» **ACTION ITEM**
Scan the data. Collect each line that contains the word "longleftrightarrow".

Stored items:
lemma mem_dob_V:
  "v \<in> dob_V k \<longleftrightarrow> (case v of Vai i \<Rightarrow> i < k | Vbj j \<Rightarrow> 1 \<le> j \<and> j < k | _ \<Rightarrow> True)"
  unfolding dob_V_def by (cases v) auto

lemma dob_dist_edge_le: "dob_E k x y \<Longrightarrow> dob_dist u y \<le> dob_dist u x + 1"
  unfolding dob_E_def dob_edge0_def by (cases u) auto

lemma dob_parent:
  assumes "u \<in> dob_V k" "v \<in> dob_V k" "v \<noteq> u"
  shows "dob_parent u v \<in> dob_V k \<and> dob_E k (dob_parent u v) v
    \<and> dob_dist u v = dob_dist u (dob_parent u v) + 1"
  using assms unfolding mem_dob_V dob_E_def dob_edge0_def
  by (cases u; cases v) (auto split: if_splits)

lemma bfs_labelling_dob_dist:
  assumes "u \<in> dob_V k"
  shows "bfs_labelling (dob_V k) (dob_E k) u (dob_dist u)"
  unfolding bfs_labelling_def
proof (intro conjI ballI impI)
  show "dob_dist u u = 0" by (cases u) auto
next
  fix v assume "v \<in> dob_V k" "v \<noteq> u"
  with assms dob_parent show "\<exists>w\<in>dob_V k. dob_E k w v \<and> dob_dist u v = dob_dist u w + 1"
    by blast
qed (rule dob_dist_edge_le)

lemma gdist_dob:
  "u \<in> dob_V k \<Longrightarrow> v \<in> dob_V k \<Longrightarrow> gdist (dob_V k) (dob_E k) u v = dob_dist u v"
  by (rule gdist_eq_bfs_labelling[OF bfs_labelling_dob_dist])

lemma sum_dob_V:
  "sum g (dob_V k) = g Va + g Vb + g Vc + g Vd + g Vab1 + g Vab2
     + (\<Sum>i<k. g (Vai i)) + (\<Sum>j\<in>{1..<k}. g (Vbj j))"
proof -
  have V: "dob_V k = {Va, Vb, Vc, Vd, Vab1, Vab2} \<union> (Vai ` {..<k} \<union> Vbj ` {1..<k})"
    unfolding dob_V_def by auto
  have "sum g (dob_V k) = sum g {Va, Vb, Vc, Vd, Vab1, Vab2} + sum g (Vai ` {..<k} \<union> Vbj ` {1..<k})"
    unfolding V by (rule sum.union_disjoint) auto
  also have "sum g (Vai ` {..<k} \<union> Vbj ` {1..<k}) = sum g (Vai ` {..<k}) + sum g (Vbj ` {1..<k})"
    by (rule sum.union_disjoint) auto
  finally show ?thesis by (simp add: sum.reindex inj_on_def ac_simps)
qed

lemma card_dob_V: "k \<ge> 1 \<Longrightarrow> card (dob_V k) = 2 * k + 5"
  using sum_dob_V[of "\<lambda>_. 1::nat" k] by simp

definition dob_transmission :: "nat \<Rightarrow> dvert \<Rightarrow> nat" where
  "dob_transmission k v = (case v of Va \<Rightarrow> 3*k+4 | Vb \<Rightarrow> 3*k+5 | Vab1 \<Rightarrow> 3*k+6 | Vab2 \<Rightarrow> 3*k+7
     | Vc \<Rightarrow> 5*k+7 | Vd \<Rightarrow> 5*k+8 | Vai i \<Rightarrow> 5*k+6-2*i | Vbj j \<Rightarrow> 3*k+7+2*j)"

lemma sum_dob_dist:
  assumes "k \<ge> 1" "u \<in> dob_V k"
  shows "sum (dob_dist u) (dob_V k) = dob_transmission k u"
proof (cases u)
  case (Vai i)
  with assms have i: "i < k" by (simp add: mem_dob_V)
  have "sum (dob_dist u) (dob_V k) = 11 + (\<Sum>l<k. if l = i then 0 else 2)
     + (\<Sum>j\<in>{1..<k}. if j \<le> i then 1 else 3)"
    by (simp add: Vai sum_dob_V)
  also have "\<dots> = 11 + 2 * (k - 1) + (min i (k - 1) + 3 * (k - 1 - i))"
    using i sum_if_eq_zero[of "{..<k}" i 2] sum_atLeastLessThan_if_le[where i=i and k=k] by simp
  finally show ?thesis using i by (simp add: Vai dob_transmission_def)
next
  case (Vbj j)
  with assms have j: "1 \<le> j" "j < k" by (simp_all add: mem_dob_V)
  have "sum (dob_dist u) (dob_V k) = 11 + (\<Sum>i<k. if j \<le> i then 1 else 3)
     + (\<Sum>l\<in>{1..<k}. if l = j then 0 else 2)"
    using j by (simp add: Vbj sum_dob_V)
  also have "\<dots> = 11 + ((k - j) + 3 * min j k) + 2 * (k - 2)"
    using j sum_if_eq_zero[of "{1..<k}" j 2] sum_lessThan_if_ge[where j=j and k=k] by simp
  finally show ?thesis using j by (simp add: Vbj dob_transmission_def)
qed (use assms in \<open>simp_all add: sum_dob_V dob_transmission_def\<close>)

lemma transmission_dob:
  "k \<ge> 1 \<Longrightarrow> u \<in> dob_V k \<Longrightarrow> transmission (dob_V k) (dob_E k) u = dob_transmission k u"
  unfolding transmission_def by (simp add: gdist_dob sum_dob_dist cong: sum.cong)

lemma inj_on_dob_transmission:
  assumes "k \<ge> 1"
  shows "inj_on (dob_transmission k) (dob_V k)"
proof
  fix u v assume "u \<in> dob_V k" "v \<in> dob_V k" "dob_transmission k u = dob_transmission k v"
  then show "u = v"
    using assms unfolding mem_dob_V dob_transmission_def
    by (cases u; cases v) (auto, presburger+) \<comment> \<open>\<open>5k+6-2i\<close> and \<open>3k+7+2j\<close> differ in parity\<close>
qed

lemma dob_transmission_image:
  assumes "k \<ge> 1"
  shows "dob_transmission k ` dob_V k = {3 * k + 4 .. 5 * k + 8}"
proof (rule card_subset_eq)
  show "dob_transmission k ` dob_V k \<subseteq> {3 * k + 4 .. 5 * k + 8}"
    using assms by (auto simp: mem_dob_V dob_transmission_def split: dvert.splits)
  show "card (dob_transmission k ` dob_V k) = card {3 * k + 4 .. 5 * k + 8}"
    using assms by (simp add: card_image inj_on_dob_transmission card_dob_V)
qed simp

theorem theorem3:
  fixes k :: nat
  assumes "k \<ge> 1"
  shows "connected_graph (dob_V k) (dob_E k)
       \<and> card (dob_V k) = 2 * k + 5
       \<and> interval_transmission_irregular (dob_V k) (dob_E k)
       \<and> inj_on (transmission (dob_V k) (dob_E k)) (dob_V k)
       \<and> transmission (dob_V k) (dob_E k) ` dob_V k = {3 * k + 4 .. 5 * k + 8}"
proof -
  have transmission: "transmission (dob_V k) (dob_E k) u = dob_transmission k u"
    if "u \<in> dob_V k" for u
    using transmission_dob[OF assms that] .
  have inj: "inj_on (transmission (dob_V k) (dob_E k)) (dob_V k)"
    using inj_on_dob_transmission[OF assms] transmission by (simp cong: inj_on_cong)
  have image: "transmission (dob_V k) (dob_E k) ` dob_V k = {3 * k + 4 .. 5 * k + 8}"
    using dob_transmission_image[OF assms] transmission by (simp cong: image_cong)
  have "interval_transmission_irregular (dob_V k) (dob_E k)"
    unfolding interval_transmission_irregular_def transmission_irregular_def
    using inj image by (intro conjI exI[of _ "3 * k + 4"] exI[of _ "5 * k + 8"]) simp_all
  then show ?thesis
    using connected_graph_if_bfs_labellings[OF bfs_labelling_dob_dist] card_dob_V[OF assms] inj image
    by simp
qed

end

* * *

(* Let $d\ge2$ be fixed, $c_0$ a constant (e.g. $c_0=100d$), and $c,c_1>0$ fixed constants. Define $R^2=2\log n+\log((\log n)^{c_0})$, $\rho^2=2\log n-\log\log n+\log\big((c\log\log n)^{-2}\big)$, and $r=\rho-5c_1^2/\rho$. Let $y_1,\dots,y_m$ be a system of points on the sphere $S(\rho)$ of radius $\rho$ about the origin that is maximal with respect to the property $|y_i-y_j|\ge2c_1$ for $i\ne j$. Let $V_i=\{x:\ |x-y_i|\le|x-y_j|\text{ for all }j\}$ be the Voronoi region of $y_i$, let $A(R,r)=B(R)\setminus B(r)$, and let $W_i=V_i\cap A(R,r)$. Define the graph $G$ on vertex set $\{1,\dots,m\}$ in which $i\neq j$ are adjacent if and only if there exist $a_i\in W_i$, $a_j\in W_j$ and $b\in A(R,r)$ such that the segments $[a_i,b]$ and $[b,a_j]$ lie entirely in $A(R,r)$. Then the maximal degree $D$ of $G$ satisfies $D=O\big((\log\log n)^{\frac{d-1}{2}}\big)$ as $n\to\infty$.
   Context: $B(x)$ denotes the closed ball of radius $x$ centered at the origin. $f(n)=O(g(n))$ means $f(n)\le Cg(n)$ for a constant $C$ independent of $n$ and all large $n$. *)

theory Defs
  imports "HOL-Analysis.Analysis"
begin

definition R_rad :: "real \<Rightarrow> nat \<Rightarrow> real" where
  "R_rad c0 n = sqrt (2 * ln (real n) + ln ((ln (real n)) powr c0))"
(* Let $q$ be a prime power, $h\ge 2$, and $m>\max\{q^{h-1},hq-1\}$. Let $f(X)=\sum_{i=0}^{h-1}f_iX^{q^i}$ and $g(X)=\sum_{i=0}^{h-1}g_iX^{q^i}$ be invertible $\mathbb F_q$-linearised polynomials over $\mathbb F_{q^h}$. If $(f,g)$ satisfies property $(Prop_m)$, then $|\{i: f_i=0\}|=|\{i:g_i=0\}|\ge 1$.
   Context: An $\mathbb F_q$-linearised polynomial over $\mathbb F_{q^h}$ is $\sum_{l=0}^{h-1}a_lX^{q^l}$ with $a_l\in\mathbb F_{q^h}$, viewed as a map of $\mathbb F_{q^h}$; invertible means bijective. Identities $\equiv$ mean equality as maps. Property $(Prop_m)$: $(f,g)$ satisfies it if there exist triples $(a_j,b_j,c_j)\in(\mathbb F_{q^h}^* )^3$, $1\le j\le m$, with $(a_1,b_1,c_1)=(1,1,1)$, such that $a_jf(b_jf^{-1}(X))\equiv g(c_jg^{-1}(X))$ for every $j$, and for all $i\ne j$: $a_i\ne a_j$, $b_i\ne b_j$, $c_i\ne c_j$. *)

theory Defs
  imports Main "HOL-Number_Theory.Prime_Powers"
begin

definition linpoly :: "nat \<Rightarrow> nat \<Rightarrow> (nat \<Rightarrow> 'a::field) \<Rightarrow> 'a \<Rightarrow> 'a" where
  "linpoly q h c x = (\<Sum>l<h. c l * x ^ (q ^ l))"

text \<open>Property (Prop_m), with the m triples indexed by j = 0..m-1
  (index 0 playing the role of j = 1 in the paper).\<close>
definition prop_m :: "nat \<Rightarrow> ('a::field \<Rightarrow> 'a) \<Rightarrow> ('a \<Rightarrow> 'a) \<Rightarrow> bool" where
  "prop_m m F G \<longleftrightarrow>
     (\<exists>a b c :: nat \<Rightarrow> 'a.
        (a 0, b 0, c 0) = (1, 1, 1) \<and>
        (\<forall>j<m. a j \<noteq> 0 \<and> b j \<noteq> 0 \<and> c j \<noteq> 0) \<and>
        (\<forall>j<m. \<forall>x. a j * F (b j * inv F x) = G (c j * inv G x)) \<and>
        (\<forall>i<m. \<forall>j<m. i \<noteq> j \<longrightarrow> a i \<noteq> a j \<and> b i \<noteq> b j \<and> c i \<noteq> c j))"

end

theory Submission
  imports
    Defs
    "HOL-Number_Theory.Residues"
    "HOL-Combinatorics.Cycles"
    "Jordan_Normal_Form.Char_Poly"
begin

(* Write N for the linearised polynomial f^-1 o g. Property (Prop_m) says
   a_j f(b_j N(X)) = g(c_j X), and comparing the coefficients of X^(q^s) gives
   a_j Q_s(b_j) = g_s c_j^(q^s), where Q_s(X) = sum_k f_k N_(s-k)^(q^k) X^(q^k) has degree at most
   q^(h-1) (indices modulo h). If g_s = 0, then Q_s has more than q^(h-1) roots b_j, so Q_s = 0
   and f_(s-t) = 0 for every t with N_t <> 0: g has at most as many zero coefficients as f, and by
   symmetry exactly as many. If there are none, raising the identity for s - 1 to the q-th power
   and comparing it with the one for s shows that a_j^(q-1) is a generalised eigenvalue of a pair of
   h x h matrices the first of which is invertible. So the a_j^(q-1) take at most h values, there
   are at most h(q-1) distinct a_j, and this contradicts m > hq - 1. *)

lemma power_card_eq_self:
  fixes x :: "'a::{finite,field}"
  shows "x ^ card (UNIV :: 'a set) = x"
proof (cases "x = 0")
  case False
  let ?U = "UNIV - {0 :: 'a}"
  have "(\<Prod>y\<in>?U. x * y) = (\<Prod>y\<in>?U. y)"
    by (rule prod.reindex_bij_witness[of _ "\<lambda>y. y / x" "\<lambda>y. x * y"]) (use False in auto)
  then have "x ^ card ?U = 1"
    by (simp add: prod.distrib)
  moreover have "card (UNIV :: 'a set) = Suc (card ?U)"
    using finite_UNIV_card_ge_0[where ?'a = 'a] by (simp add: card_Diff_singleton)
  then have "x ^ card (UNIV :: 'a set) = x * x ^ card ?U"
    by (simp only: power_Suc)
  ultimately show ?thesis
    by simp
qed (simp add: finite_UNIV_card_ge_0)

» **RESPONSE**
  "v \<in> dob_V k \<longleftrightarrow> (case v of Vai i \<Rightarrow> i < k | Vbj j \<Rightarrow> 1 \<le> j \<and> j < k | _ \<Rightarrow> True)"
  "prop_m m F G \<longleftrightarrow>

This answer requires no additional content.